--- What is being asked ---
For the records below, print the lines from the line with "g = ((\<lambda>h" through the line with "text \<open>Euclidean norm" exactly as written; include both end lines and exclude the rest.

--- Source records ---
=======

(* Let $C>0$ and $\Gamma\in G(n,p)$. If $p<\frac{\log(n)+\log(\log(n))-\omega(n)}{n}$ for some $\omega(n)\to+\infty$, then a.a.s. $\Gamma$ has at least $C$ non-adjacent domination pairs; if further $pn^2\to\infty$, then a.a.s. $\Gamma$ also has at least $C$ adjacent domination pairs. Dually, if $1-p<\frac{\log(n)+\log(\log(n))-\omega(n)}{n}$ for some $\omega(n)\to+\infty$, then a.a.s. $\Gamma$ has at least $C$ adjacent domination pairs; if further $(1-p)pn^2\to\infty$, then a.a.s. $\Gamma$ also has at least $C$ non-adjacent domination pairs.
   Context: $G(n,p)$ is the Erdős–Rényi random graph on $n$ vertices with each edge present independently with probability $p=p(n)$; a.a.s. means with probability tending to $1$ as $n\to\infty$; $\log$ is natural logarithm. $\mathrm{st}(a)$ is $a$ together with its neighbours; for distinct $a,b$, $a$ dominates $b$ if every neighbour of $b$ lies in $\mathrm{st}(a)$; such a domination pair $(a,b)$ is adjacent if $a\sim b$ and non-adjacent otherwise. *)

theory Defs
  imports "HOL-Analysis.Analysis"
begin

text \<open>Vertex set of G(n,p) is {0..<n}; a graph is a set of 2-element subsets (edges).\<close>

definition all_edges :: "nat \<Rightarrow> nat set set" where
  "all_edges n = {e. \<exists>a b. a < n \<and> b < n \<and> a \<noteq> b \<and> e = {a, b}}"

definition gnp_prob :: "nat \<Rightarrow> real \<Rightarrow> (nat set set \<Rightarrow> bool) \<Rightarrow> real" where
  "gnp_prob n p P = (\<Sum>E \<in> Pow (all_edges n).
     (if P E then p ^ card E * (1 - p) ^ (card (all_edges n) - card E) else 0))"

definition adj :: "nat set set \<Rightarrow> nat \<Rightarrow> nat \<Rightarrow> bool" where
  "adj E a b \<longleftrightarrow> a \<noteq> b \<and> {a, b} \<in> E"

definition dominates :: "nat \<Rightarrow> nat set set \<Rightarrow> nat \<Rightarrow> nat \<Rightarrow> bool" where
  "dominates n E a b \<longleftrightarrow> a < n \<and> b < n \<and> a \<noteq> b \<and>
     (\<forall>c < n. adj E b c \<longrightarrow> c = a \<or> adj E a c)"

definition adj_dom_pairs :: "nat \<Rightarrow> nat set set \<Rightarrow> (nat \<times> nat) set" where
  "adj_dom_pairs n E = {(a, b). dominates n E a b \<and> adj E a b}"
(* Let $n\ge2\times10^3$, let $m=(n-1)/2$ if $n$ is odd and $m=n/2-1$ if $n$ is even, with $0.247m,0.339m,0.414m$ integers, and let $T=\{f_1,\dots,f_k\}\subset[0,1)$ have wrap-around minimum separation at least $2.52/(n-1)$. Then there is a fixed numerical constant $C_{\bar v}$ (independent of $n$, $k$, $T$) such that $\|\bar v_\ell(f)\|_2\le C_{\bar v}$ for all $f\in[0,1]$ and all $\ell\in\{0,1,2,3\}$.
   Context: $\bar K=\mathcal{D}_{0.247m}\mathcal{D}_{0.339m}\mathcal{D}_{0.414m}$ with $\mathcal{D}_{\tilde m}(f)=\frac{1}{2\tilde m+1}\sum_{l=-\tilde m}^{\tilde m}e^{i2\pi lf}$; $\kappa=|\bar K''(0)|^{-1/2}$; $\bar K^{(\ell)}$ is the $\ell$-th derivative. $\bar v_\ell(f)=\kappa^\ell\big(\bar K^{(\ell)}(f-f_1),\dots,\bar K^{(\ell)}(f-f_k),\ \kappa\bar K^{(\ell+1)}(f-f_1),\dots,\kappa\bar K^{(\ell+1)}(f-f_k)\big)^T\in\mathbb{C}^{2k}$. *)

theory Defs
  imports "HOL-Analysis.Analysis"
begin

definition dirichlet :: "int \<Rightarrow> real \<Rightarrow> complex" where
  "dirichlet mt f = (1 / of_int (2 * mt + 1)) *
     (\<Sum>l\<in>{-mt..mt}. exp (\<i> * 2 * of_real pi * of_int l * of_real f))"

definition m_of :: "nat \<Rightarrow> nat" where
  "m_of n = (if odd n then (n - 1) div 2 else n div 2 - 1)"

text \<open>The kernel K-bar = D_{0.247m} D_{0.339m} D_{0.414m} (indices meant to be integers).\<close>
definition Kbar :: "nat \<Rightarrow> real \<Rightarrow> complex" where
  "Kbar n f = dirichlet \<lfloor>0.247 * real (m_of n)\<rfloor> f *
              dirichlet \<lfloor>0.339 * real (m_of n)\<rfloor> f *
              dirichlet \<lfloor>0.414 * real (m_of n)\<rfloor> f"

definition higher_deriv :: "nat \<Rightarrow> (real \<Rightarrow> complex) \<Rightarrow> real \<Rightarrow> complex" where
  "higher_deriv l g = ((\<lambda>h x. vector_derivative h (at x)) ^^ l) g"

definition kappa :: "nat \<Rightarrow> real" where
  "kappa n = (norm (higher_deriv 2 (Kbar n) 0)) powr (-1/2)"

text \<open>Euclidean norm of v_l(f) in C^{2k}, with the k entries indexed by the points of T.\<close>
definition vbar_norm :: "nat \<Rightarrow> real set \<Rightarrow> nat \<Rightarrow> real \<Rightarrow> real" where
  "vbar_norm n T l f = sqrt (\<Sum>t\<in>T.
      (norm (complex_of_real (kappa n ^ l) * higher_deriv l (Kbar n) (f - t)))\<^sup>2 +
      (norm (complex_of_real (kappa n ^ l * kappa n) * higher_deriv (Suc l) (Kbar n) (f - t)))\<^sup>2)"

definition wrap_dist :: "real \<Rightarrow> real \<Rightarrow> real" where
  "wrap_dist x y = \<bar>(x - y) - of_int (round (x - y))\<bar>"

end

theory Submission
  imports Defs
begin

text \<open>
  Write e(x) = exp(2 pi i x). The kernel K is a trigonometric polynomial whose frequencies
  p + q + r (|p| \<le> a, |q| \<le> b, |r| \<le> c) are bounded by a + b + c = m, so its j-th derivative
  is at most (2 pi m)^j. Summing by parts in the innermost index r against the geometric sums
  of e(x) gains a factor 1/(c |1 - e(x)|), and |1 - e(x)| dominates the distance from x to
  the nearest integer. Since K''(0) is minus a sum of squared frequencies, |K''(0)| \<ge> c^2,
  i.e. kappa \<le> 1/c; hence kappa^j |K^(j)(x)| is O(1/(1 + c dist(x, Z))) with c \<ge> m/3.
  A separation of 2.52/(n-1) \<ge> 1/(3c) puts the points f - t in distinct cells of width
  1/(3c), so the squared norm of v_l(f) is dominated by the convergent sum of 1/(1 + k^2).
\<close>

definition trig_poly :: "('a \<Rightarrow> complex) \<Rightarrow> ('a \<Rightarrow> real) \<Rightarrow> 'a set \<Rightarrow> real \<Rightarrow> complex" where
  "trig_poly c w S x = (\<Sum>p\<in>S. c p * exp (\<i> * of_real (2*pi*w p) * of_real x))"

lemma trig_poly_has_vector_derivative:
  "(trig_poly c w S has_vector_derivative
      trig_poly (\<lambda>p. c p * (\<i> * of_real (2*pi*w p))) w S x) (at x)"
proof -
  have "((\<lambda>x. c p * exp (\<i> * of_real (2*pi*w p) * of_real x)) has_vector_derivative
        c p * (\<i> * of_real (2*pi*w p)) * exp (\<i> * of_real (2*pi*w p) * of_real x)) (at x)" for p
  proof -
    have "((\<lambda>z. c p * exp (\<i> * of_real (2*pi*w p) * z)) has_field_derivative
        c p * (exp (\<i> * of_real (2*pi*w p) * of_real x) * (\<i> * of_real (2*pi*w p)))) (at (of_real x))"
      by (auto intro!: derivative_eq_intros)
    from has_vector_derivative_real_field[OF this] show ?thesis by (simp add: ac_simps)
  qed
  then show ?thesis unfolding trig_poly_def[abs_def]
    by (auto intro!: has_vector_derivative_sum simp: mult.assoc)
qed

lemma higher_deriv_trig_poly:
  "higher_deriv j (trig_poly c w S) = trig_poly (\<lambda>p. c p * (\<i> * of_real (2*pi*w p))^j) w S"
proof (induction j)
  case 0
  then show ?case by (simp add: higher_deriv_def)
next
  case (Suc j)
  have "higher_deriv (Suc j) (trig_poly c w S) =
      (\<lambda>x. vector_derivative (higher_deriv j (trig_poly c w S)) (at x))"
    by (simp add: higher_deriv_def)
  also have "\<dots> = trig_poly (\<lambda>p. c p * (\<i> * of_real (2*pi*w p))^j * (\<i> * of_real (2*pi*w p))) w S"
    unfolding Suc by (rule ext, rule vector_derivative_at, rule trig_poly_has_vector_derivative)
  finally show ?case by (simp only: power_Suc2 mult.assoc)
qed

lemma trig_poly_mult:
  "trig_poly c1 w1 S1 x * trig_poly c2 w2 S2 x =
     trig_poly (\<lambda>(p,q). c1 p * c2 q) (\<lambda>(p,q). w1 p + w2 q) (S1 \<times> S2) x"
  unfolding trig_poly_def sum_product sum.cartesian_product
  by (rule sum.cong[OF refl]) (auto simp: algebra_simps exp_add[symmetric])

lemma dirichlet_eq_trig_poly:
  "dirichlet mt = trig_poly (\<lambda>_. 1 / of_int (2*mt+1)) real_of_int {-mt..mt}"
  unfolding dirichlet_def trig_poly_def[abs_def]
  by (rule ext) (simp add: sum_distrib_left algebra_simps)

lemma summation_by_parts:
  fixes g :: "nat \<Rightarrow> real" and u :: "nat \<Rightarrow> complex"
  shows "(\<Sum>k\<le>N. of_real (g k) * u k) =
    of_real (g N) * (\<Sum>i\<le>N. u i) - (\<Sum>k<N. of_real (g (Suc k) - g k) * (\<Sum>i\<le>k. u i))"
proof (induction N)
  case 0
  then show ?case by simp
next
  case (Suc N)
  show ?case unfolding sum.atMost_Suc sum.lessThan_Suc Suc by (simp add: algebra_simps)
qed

=======

--- Completed task ---
  "higher_deriv l g = ((\<lambda>h x. vector_derivative h (at x)) ^^ l) g"

definition kappa :: "nat \<Rightarrow> real" where
  "kappa n = (norm (higher_deriv 2 (Kbar n) 0)) powr (-1/2)"

text \<open>Euclidean norm of v_l(f) in C^{2k}, with the k entries indexed by the points of T.\<close>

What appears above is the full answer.